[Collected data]
_____

(* Let $a,b$ be non-negative integers and $c=1$ such that the polynomial $x^3-ax^2-bx-c$ has exactly one real root $\eta_1$, and $\eta_1>1$. Then there exists a constant $T$ such that for any positive integers $n,k$ with $k\ge 4$, the number of positive integer sequences $\langle x_i\rangle_{i=1}^k$ satisfying $x_{i+3}=ax_{i+2}+bx_{i+1}+cx_i$ for $1\le i\le k-3$ and terminating at $x_k=n$ is at most \[\left\lceil T\frac{n}{\eta_1^{3k/2}}\right\rceil^2.\]
   Context: A sequence $\langle x_i\rangle_{i=1}^k$ is positive if $x_1,x_2,x_3>0$. *)

theory Defs
  imports Complex_Main
begin

text \<open>Sequences x_1..x_k are lists of length k (0-based: xs!(i-1) = x_i).
  The recurrence x_{i+3} = a x_{i+2} + b x_{i+1} + c x_i for 1 <= i <= k-3.\<close>
definition rec_seqs :: "int \<Rightarrow> int \<Rightarrow> int \<Rightarrow> nat \<Rightarrow> int \<Rightarrow> int list set" where
  "rec_seqs a b c k n = {xs. length xs = k \<and> (\<forall>i<k. xs ! i > 0)
      \<and> (\<forall>i. i + 3 < k \<longrightarrow> xs ! (i+3) = a * xs ! (i+2) + b * xs ! (i+1) + c * xs ! i)
      \<and> xs ! (k - 1) = n}"

end

theory Submission
  imports Defs
begin

text \<open>
  Write the cubic as (x - \<eta>)(x^2 + (\<eta> - a) x + 1/\<eta>); as \<eta> is its only real root, the
  norm form of the quadratic factor is positive definite. Along a real solution of the
  recurrence the linear form x_m + (b + 1/\<eta>) x_(m+1) + \<eta> x_(m+2) is multiplied by \<eta> at
  each step, while the norm form evaluated at the deviations x_(m+1) - \<eta> x_m and
  x_(m+2) - \<eta> x_(m+1) is divided by \<eta>. For a positive solution both start out comparable,
  so in the last window the deviations are \<eta>^(-3m/2) times the linear form, up to a constant.
  The linear form there is O(n): for late windows because the deviations are then small,
  for the finitely many early ones because finiteness of the solution set forces
  x_0, x_1, x_2 \<le> n. Hence the last two entries, which determine the sequence, lie in a
  box of side O(n / \<eta>^(3k/2)).
\<close>

definition bqf :: "real \<Rightarrow> real \<Rightarrow> real \<Rightarrow> real \<Rightarrow> real" where
  "bqf s t u v = v^2 + s*u*v + t*u^2"

lemma bqf_pos_def:
  assumes "s^2 < 4*t"
  obtains d where "d > 0" "\<And>u v. d*u^2 \<le> bqf s t u v" "\<And>u v. d*v^2 \<le> bqf s t u v"
proof
  have t: "t > 0" using assms zero_le_power2[of s] by linarith
  define D where "D = 4*t - s^2"
  have D: "D > 0" using assms unfolding D_def by simp
  show "min (D/4) (D/(4*t)) > 0" using D t by simp
  fix u v
  have "bqf s t u v = D/4 * u^2 + (v + s*u/2)^2"
    unfolding bqf_def D_def by (simp add: field_simps power2_eq_square)
  then have "D/4 * u^2 \<le> bqf s t u v" by simp
  moreover have "min (D/4) (D/(4*t)) * u^2 \<le> D/4 * u^2"
    by (intro mult_right_mono min.cobounded1) simp
  ultimately show "min (D/4) (D/(4*t)) * u^2 \<le> bqf s t u v" by linarith
  have "bqf s t u v = D/(4*t) * v^2 + t * (u + s*v/(2*t))^2"
    unfolding bqf_def D_def using t by (simp add: field_simps power2_eq_square)
  then have "D/(4*t) * v^2 \<le> bqf s t u v" using t by simp
  moreover have "min (D/4) (D/(4*t)) * v^2 \<le> D/(4*t) * v^2"
    by (intro mult_right_mono min.cobounded2) simp
  ultimately show "min (D/4) (D/(4*t)) * v^2 \<le> bqf s t u v" by linarith
qed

_____

EXERCISE BRIEF — In the entries above, find each line with the word "last" and return it.

RESPONSE TO THIS TASK —
  so in the last window the deviations are \<eta>^(-3m/2) times the linear form, up to a constant.
  x_0, x_1, x_2 \<le> n. Hence the last two entries, which determine the sequence, lie in a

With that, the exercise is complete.